---------- Information provided
(* Let $\mathcal{C}$ be a class of finite graphs for which there is a natural number $N$ such that every set of pairwise disjoint edges (edges $\{a_i,b_i\}$, $i=1,\dots,k$, with all $a_1,\dots,a_k,b_1,\dots,b_k$ distinct) in every member of $\mathcal{C}$ has size at most $N$. Then $\mathcal{C}$ is well quasi-ordered under both the standard and the strong homomorphic image orderings.
   Context: A graph is a set with a symmetric binary edge relation. A homomorphism maps edges to edges; it is strong if additionally every edge of the target among vertices of the image is the image of an edge. Standard homomorphic image ordering: $A\preceq B$ iff there is a surjective homomorphism $B\to A$; strong: iff there is a surjective strong homomorphism $B\to A$. Well quasi-ordered means no infinite strictly decreasing sequence and no infinite antichain; structures considered up to isomorphism. *)

theory Defs
  imports Main
begin

text \<open>A graph is a vertex set together with a symmetric binary edge relation on it
  (loops are not excluded, following the paper's definition).\<close>
type_synonym 'a graph = "'a set \<times> ('a \<times> 'a) set"

definition verts :: "'a graph \<Rightarrow> 'a set" where "verts G = fst G"
definition edges :: "'a graph \<Rightarrow> ('a \<times> 'a) set" where "edges G = snd G"

definition is_graph :: "'a graph \<Rightarrow> bool" where
  "is_graph G \<longleftrightarrow> edges G \<subseteq> verts G \<times> verts G \<and> sym (edges G)"

definition finite_graph :: "'a graph \<Rightarrow> bool" where
  "finite_graph G \<longleftrightarrow> is_graph G \<and> finite (verts G)"

definition graph_hom :: "('a \<Rightarrow> 'a) \<Rightarrow> 'a graph \<Rightarrow> 'a graph \<Rightarrow> bool" where
  "graph_hom f G H \<longleftrightarrow> f ` verts G \<subseteq> verts H \<and>
     (\<forall>(x, y) \<in> edges G. (f x, f y) \<in> edges H)"

definition strong_graph_hom :: "('a \<Rightarrow> 'a) \<Rightarrow> 'a graph \<Rightarrow> 'a graph \<Rightarrow> bool" where
  "strong_graph_hom f G H \<longleftrightarrow> graph_hom f G H \<and>
     (\<forall>(u, v) \<in> edges H. u \<in> f ` verts G \<and> v \<in> f ` verts G \<longrightarrow>
        (\<exists>x y. (x, y) \<in> edges G \<and> f x = u \<and> f y = v))"

definition hom_image_le :: "'a graph \<Rightarrow> 'a graph \<Rightarrow> bool" where
  "hom_image_le A B \<longleftrightarrow> (\<exists>f. graph_hom f B A \<and> f ` verts B = verts A)"

definition strong_hom_image_le :: "'a graph \<Rightarrow> 'a graph \<Rightarrow> bool" where
  "strong_hom_image_le A B \<longleftrightarrow> (\<exists>f. strong_graph_hom f B A \<and> f ` verts B = verts A)"

definition wqo_on_class :: "('b \<Rightarrow> 'b \<Rightarrow> bool) \<Rightarrow> 'b set \<Rightarrow> bool" where
  "wqo_on_class le C \<longleftrightarrow>
     (\<nexists>g :: nat \<Rightarrow> 'b. (\<forall>i. g i \<in> C) \<and>
         (\<forall>i. le (g (Suc i)) (g i) \<and> \<not> le (g i) (g (Suc i)))) \<and>
     (\<nexists>g :: nat \<Rightarrow> 'b. (\<forall>i. g i \<in> C) \<and>
         (\<forall>i j. i \<noteq> j \<longrightarrow> \<not> le (g i) (g j)))"

definition disjoint_edge_set :: "'a graph \<Rightarrow> ('a \<times> 'a) set \<Rightarrow> bool" where
  "disjoint_edge_set G M \<longleftrightarrow> M \<subseteq> edges G \<and> (\<forall>(a, b) \<in> M. a \<noteq> b) \<and>
     (\<forall>p \<in> M. \<forall>q \<in> M. p \<noteq> q \<longrightarrow> {fst p, snd p} \<inter> {fst q, snd q} = {})"

end

theory Submission
  imports Defs "HOL.Topological_Spaces" "HOL-Library.Infinite_Set"
begin

text \<open>Let the endpoints of a maximum set of pairwise disjoint edges, at most \<open>2N\<close> vertices,
  be enumerated as \<open>e 0, \<dots>, e (k - 1)\<close>. They meet every non-loop edge, so a vertex outside
  this cover is described, as far as edges are concerned, by its type: the set of indices of
  its neighbours in the cover and whether it carries a loop. If two graphs \<open>A\<close>, \<open>B\<close> have
  covers of the same size spanning the same pattern of edges, the same nonempty type classes,
  and every type class of \<open>A\<close> is at most as large as that of \<open>B\<close>, then mapping the cover of \<open>B\<close> to
  that of \<open>A\<close> index by index and each type class of \<open>B\<close> onto that of \<open>A\<close> is a surjective strong homomorphism.
  In any sequence of graphs from the class only finitely many cover data occur, so pigeonhole
  and Dickson's lemma for the class sizes give \<open>i < j\<close> with \<open>g i\<close> a strong homomorphic
  image of \<open>g j\<close>; hence there are no infinite antichains.

  There are no infinite strictly descending chains either: a surjective homomorphism that does
  not decrease the number of vertices is bijective on vertices and injective on edges, and if it
  does not increase the number of edges its inverse is a surjective strong homomorphism. So
  along a strictly descending chain \<open>(|V|, |V|\<^sup>2 - |E|)\<close> decreases lexicographically.\<close>

subsection \<open>Monotone and constant subsequences\<close>

lemma decseq_nat_eventually_const:
  fixes a :: "nat \<Rightarrow> nat"
  assumes "decseq a"
  obtains n where "\<And>m. n \<le> m \<Longrightarrow> a m = a n"
proof -
  obtain n where n: "a n = (LEAST x. x \<in> range a)"
    using LeastI[of "\<lambda>x. x \<in> range a" "a 0"] by auto
  have "a m = a n" if "n \<le> m" for m
  proof (rule antisym)
    show "a m \<le> a n" using assms that by (rule decseqD)
    show "a n \<le> a m" unfolding n by (rule Least_le) simp
  qed
  then show thesis by (rule that)
qed

lemma nat_seq_incseq_subseq:
  fixes a :: "nat \<Rightarrow> nat"
  obtains r where "strict_mono r" "incseq (a \<circ> r)"
proof -
  obtain f where f: "strict_mono f" "monoseq (a \<circ> f)"
    using seq_monosub[of a] by (auto simp: comp_def)
  show thesis
  proof (cases "incseq (a \<circ> f)")
    case True
    with f(1) show thesis by (rule that)
  next
    case False
    with f(2) have "decseq (a \<circ> f)" by (simp add: monoseq_iff)
    then obtain n where n: "\<And>m. n \<le> m \<Longrightarrow> (a \<circ> f) m = (a \<circ> f) n"
      using decseq_nat_eventually_const by blast
    have "strict_mono (\<lambda>m. f (m + n))"
      using f(1) by (simp add: strict_mono_def)
    moreover have "incseq (a \<circ> (\<lambda>m. f (m + n)))"
      using n[of "_ + n"] by (simp add: incseq_def)
    ultimately show thesis by (rule that)
  qed
qed

lemma finite_nat_seqs_incseq_subseq:
  fixes s :: "nat \<Rightarrow> 'b \<Rightarrow> nat"
  assumes "finite K"
  shows "\<exists>r. strict_mono r \<and> (\<forall>x\<in>K. incseq (\<lambda>n. s (r n) x))"
  using assms
proof (induction K rule: finite_induct)
  case empty
  show ?case using strict_mono_id by blast
next
  case (insert x K)
  then obtain r where r: "strict_mono r" "\<forall>y\<in>K. incseq (\<lambda>n. s (r n) y)"
    by blast
  obtain r' where r': "strict_mono r'" "incseq ((\<lambda>n. s (r n) x) \<circ> r')"
    by (rule nat_seq_incseq_subseq)
  have "incseq (\<lambda>n. s (r (r' n)) y)" if "y \<in> K" for y
    using r(2) that strict_mono_mono[OF r'(1)] by (auto simp: incseq_def mono_def)
  then have "\<forall>y\<in>insert x K. incseq (\<lambda>n. s ((r \<circ> r') n) y)"
    using r'(2) by (auto simp: comp_def)
  moreover have "strict_mono (r \<circ> r')"
    using r(1) r'(1) by (simp add: strict_mono_def)
  ultimately show ?case by blast
qed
--------------------
# Prompt
Using the records above, restate word for word the lines from the one with "bool) \<Rightarrow> 'b" through the one with "text \<open>Let the", both included.

# Exercise result
definition wqo_on_class :: "('b \<Rightarrow> 'b \<Rightarrow> bool) \<Rightarrow> 'b set \<Rightarrow> bool" where
  "wqo_on_class le C \<longleftrightarrow>
     (\<nexists>g :: nat \<Rightarrow> 'b. (\<forall>i. g i \<in> C) \<and>
         (\<forall>i. le (g (Suc i)) (g i) \<and> \<not> le (g i) (g (Suc i)))) \<and>
     (\<nexists>g :: nat \<Rightarrow> 'b. (\<forall>i. g i \<in> C) \<and>
         (\<forall>i j. i \<noteq> j \<longrightarrow> \<not> le (g i) (g j)))"

definition disjoint_edge_set :: "'a graph \<Rightarrow> ('a \<times> 'a) set \<Rightarrow> bool" where
  "disjoint_edge_set G M \<longleftrightarrow> M \<subseteq> edges G \<and> (\<forall>(a, b) \<in> M. a \<noteq> b) \<and>
     (\<forall>p \<in> M. \<forall>q \<in> M. p \<noteq> q \<longrightarrow> {fst p, snd p} \<inter> {fst q, snd q} = {})"

end

theory Submission
  imports Defs "HOL.Topological_Spaces" "HOL-Library.Infinite_Set"
begin

text \<open>Let the endpoints of a maximum set of pairwise disjoint edges, at most \<open>2N\<close> vertices,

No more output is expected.